#### Given data

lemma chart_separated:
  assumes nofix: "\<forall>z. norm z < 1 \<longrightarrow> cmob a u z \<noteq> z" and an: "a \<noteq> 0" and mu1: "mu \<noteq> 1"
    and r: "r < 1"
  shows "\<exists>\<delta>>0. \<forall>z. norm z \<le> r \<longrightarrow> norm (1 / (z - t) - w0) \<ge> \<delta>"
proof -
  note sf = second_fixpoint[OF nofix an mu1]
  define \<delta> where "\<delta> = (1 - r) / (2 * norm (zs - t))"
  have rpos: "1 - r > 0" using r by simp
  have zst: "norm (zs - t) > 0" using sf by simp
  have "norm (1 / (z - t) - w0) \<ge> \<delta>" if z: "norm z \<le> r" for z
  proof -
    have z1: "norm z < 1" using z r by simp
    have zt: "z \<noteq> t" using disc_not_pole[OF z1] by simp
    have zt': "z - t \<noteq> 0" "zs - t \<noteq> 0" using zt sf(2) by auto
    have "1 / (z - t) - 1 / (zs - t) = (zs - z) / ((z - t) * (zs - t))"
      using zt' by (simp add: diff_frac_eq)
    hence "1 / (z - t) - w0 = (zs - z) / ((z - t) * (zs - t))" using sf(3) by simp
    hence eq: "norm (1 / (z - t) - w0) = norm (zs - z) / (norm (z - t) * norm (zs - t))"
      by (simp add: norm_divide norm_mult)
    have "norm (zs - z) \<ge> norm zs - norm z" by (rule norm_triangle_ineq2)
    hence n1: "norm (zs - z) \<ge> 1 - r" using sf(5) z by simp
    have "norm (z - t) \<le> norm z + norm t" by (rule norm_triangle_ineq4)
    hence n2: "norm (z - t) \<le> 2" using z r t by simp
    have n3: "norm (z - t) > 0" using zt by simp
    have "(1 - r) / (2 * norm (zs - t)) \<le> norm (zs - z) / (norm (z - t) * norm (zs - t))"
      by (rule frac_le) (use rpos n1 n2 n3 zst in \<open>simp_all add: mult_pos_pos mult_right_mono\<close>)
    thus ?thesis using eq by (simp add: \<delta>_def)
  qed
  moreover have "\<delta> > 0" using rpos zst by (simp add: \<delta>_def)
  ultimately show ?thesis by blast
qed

########
#### Given data

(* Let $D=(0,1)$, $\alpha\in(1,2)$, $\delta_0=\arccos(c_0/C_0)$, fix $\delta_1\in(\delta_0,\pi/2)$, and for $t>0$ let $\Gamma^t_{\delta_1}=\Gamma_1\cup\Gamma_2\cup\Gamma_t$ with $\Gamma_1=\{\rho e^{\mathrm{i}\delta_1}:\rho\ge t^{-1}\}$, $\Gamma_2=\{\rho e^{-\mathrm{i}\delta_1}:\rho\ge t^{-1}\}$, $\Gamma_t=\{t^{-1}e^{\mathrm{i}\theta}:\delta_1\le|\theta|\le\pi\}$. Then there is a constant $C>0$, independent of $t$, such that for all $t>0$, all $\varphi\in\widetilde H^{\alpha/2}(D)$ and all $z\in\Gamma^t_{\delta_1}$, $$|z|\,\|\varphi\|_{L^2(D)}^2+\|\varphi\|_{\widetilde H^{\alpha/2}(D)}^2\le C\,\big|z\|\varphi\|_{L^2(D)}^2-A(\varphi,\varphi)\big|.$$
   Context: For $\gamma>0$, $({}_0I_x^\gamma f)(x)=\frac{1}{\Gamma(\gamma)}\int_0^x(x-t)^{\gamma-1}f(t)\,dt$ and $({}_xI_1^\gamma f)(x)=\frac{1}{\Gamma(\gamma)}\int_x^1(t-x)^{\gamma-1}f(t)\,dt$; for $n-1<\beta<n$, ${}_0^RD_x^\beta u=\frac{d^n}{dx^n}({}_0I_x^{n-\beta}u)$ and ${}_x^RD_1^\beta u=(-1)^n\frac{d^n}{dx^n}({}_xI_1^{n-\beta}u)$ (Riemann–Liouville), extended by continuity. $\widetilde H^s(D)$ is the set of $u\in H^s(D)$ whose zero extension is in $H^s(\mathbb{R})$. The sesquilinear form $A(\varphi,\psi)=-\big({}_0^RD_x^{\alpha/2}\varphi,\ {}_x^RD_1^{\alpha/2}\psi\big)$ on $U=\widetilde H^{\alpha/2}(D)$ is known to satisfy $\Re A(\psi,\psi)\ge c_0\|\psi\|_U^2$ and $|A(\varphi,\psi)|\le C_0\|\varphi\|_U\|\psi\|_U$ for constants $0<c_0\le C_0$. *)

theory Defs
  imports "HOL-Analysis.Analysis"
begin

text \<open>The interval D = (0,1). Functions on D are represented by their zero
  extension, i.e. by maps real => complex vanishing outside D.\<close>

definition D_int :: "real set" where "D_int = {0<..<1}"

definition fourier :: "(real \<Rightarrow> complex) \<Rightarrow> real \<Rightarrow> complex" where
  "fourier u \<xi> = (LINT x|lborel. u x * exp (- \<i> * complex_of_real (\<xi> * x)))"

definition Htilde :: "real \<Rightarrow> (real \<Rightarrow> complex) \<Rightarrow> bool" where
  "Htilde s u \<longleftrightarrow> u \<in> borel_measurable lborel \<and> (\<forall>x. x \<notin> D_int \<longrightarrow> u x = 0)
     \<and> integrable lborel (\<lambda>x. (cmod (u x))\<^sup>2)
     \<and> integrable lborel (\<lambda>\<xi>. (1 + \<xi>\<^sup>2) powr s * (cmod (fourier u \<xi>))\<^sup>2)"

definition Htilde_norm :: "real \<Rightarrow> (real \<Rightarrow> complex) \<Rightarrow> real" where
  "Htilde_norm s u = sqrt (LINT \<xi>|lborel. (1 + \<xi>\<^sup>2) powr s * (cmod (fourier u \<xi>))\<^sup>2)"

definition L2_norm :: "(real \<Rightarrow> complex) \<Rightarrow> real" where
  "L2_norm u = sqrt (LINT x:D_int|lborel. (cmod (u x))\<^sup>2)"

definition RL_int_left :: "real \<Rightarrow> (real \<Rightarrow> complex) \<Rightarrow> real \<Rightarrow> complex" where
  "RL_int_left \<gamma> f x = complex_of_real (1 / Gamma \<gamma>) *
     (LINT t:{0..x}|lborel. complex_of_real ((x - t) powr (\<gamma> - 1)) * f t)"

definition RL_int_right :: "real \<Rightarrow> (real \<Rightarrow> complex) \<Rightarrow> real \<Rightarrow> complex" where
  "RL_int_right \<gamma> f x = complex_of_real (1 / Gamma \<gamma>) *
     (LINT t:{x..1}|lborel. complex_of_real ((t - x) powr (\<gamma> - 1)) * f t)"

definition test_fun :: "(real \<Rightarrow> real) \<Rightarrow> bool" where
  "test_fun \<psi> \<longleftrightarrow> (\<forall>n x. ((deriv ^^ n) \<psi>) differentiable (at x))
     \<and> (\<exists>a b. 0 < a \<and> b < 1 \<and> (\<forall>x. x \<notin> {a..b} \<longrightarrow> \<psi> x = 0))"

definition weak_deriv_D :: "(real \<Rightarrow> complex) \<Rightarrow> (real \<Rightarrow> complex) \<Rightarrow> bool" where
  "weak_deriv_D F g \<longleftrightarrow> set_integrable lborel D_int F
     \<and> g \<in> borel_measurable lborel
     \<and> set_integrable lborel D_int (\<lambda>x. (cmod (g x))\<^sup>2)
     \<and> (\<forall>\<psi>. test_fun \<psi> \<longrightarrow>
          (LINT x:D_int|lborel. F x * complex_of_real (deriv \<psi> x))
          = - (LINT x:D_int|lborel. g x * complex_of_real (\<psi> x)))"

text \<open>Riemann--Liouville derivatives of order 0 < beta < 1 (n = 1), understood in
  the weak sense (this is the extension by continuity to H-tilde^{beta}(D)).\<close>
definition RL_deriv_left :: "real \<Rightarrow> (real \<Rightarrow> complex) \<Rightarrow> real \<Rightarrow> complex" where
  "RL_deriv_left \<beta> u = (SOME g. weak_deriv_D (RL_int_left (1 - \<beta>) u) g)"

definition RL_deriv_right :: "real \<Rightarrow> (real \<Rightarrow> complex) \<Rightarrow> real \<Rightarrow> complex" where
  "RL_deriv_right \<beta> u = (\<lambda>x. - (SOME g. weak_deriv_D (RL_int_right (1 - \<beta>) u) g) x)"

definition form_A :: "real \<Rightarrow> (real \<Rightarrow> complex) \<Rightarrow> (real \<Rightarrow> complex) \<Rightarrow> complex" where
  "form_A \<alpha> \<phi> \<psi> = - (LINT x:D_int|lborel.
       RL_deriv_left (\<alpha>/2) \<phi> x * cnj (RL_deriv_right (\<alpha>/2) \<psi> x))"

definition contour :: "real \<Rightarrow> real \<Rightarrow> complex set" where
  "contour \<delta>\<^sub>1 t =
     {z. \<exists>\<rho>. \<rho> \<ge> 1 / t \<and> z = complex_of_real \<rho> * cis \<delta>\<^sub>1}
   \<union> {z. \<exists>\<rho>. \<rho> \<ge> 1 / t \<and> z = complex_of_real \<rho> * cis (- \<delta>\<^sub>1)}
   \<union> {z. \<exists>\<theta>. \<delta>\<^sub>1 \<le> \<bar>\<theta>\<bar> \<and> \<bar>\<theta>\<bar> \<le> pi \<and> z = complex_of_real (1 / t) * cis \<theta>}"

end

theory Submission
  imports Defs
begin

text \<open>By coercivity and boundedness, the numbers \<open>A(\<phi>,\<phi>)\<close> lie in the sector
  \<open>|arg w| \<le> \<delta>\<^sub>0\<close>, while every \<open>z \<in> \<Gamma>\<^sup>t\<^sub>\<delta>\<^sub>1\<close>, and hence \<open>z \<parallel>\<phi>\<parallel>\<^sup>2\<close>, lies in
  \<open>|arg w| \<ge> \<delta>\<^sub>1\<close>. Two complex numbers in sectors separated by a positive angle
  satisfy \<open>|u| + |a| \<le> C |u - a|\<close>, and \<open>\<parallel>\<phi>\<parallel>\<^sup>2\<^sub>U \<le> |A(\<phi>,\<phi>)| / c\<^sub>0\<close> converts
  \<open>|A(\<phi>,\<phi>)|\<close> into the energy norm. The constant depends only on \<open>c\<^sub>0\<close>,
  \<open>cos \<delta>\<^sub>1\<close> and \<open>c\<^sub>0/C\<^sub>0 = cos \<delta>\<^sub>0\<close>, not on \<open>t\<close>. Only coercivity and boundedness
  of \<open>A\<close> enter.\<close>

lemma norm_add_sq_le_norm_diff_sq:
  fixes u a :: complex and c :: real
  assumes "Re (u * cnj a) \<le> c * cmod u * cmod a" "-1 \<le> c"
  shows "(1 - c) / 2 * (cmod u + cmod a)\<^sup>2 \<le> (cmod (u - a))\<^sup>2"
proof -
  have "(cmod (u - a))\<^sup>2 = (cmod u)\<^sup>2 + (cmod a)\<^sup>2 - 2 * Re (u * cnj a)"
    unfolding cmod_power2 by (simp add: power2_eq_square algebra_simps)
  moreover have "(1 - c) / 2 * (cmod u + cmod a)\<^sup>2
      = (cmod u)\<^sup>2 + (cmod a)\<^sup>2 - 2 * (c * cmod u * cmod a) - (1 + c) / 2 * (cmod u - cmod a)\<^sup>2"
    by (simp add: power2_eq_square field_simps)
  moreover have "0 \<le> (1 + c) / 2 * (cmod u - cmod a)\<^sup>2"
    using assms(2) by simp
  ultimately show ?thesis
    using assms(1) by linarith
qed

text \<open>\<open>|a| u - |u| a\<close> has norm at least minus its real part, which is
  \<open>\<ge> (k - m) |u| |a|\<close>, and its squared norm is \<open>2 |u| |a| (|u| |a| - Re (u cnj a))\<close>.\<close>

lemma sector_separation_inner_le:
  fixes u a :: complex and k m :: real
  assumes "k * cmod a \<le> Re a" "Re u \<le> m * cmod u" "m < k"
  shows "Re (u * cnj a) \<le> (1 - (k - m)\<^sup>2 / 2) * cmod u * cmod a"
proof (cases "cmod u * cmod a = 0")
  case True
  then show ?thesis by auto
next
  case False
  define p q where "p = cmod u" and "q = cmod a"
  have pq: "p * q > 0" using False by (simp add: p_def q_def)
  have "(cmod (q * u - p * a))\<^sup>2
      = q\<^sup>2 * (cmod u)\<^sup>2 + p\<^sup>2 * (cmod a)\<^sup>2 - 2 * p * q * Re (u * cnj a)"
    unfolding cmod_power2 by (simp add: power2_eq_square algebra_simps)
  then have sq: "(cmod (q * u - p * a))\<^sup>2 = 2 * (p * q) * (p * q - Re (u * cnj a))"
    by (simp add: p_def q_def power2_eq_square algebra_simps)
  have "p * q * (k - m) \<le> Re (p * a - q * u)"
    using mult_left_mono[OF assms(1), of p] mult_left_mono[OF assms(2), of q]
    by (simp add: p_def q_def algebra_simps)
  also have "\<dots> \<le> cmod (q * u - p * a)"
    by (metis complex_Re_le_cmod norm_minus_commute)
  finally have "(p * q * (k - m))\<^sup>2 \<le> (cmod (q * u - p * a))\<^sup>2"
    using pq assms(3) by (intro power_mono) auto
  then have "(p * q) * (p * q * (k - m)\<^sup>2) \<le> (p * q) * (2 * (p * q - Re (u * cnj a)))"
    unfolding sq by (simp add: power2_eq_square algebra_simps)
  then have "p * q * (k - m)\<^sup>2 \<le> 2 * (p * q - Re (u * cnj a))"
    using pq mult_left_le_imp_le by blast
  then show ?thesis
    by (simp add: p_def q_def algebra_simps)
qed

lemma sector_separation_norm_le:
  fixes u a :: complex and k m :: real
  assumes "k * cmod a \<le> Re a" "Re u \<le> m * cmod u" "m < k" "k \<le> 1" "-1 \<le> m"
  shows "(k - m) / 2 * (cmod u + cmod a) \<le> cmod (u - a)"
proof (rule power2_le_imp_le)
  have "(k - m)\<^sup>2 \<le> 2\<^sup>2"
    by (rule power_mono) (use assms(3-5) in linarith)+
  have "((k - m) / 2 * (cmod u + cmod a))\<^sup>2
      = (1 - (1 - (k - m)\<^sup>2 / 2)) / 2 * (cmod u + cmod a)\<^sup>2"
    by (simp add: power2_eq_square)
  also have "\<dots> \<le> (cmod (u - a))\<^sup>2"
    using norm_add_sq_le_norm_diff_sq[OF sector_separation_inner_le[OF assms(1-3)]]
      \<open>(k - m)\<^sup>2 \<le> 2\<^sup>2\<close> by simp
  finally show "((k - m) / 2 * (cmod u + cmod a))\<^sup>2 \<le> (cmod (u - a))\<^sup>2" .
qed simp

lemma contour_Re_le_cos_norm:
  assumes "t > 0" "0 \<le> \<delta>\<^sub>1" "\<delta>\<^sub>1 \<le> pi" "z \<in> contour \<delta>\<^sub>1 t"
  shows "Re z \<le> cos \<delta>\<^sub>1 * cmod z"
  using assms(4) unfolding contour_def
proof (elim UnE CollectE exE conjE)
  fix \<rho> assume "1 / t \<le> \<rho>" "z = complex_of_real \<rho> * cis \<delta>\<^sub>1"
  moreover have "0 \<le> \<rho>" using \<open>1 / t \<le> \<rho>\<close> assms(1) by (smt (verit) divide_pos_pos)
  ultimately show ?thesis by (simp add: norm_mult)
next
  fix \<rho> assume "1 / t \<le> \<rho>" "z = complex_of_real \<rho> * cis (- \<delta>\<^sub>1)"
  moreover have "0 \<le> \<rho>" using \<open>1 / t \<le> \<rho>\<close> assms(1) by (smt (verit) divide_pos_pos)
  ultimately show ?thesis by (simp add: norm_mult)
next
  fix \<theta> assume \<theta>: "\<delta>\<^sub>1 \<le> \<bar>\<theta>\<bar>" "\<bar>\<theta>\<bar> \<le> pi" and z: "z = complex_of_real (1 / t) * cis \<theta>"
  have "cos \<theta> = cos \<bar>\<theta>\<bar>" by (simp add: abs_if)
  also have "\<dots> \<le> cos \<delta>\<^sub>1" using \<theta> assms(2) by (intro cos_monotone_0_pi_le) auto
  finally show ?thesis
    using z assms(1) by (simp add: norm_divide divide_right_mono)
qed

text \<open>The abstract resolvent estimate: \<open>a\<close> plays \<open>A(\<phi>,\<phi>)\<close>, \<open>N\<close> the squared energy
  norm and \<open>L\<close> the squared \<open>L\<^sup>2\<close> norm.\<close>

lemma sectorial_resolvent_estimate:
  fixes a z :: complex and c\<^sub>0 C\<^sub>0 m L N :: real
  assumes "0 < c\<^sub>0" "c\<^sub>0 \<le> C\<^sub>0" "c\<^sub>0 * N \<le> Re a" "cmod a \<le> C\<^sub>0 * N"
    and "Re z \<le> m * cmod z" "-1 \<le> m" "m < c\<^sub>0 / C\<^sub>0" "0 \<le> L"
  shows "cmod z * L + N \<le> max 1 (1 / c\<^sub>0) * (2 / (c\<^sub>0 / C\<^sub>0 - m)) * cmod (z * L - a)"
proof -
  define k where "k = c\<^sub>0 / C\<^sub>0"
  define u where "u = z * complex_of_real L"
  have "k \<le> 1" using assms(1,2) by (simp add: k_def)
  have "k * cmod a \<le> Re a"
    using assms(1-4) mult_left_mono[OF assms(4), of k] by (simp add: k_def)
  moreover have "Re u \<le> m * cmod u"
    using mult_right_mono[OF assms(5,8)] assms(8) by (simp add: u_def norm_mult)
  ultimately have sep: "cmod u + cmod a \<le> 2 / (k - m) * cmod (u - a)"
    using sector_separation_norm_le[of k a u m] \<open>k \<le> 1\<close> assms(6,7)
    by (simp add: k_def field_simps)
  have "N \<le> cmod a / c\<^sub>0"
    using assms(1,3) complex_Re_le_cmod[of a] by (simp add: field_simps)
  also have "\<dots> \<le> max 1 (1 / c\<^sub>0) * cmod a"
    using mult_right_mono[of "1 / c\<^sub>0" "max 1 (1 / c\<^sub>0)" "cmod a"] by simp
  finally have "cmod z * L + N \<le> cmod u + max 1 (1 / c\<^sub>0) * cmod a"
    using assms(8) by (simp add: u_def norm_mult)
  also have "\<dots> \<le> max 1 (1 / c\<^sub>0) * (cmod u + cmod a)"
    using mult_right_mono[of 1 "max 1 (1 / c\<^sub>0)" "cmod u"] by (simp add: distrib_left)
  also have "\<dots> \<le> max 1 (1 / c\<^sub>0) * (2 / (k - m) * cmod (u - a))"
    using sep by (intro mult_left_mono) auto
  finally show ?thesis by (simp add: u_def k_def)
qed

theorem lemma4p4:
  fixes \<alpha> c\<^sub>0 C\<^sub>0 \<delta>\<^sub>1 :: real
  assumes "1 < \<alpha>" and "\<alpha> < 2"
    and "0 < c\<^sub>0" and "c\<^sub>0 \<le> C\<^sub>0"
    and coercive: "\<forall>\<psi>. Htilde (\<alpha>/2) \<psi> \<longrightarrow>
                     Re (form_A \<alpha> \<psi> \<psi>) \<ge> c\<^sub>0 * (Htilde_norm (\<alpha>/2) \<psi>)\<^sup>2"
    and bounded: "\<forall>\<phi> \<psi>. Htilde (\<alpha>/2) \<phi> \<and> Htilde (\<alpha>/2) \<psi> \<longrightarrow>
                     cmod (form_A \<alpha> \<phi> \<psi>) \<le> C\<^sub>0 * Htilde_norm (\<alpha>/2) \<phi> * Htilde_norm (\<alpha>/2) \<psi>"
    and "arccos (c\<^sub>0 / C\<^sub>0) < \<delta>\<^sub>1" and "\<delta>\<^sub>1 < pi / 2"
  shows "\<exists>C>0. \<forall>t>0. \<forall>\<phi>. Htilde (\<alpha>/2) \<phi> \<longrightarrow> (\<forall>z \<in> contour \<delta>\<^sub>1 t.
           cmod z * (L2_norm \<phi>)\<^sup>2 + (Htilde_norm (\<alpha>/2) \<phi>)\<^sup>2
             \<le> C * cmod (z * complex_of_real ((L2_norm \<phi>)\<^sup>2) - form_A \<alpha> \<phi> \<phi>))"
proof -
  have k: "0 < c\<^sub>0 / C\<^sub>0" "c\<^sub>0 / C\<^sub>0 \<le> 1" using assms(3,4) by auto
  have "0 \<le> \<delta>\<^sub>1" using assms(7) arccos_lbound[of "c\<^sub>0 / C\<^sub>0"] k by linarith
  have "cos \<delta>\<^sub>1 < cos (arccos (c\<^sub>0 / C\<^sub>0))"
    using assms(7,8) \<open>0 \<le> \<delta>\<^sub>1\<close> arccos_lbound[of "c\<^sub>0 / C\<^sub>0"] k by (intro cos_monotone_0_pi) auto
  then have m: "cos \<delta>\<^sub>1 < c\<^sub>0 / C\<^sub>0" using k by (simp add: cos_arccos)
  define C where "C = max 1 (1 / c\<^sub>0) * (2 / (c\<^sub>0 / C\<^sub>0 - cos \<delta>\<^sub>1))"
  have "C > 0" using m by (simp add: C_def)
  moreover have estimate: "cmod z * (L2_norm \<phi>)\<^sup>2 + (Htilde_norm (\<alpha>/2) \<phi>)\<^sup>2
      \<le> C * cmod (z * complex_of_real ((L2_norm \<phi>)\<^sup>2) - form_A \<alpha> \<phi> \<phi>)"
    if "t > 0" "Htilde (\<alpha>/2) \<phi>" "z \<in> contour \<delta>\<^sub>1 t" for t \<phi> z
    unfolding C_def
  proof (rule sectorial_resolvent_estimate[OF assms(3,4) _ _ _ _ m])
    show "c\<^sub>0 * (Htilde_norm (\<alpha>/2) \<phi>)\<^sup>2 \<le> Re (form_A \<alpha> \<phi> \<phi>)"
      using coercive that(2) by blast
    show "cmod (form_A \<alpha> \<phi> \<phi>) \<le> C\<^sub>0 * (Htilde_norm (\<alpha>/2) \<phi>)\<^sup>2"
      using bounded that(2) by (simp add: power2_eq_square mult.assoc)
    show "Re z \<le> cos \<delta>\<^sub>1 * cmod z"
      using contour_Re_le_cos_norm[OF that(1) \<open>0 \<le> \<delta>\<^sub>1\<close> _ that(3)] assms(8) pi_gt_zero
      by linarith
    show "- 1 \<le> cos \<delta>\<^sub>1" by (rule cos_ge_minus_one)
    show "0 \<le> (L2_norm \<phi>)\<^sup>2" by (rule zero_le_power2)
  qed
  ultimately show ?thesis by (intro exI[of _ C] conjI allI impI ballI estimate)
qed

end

########

**Problem details:** Filter the entries and copy out every line with the word "exists".

**Response to this task:**
  shows "\<exists>\<delta>>0. \<forall>z. norm z \<le> r \<longrightarrow> norm (1 / (z - t) - w0) \<ge> \<delta>"
     \<and> (\<exists>a b. 0 < a \<and> b < 1 \<and> (\<forall>x. x \<notin> {a..b} \<longrightarrow> \<psi> x = 0))"
     {z. \<exists>\<rho>. \<rho> \<ge> 1 / t \<and> z = complex_of_real \<rho> * cis \<delta>\<^sub>1}
   \<union> {z. \<exists>\<rho>. \<rho> \<ge> 1 / t \<and> z = complex_of_real \<rho> * cis (- \<delta>\<^sub>1)}
   \<union> {z. \<exists>\<theta>. \<delta>\<^sub>1 \<le> \<bar>\<theta>\<bar> \<and> \<bar>\<theta>\<bar> \<le> pi \<and> z = complex_of_real (1 / t) * cis \<theta>}"
  shows "\<exists>C>0. \<forall>t>0. \<forall>\<phi>. Htilde (\<alpha>/2) \<phi> \<longrightarrow> (\<forall>z \<in> contour \<delta>\<^sub>1 t.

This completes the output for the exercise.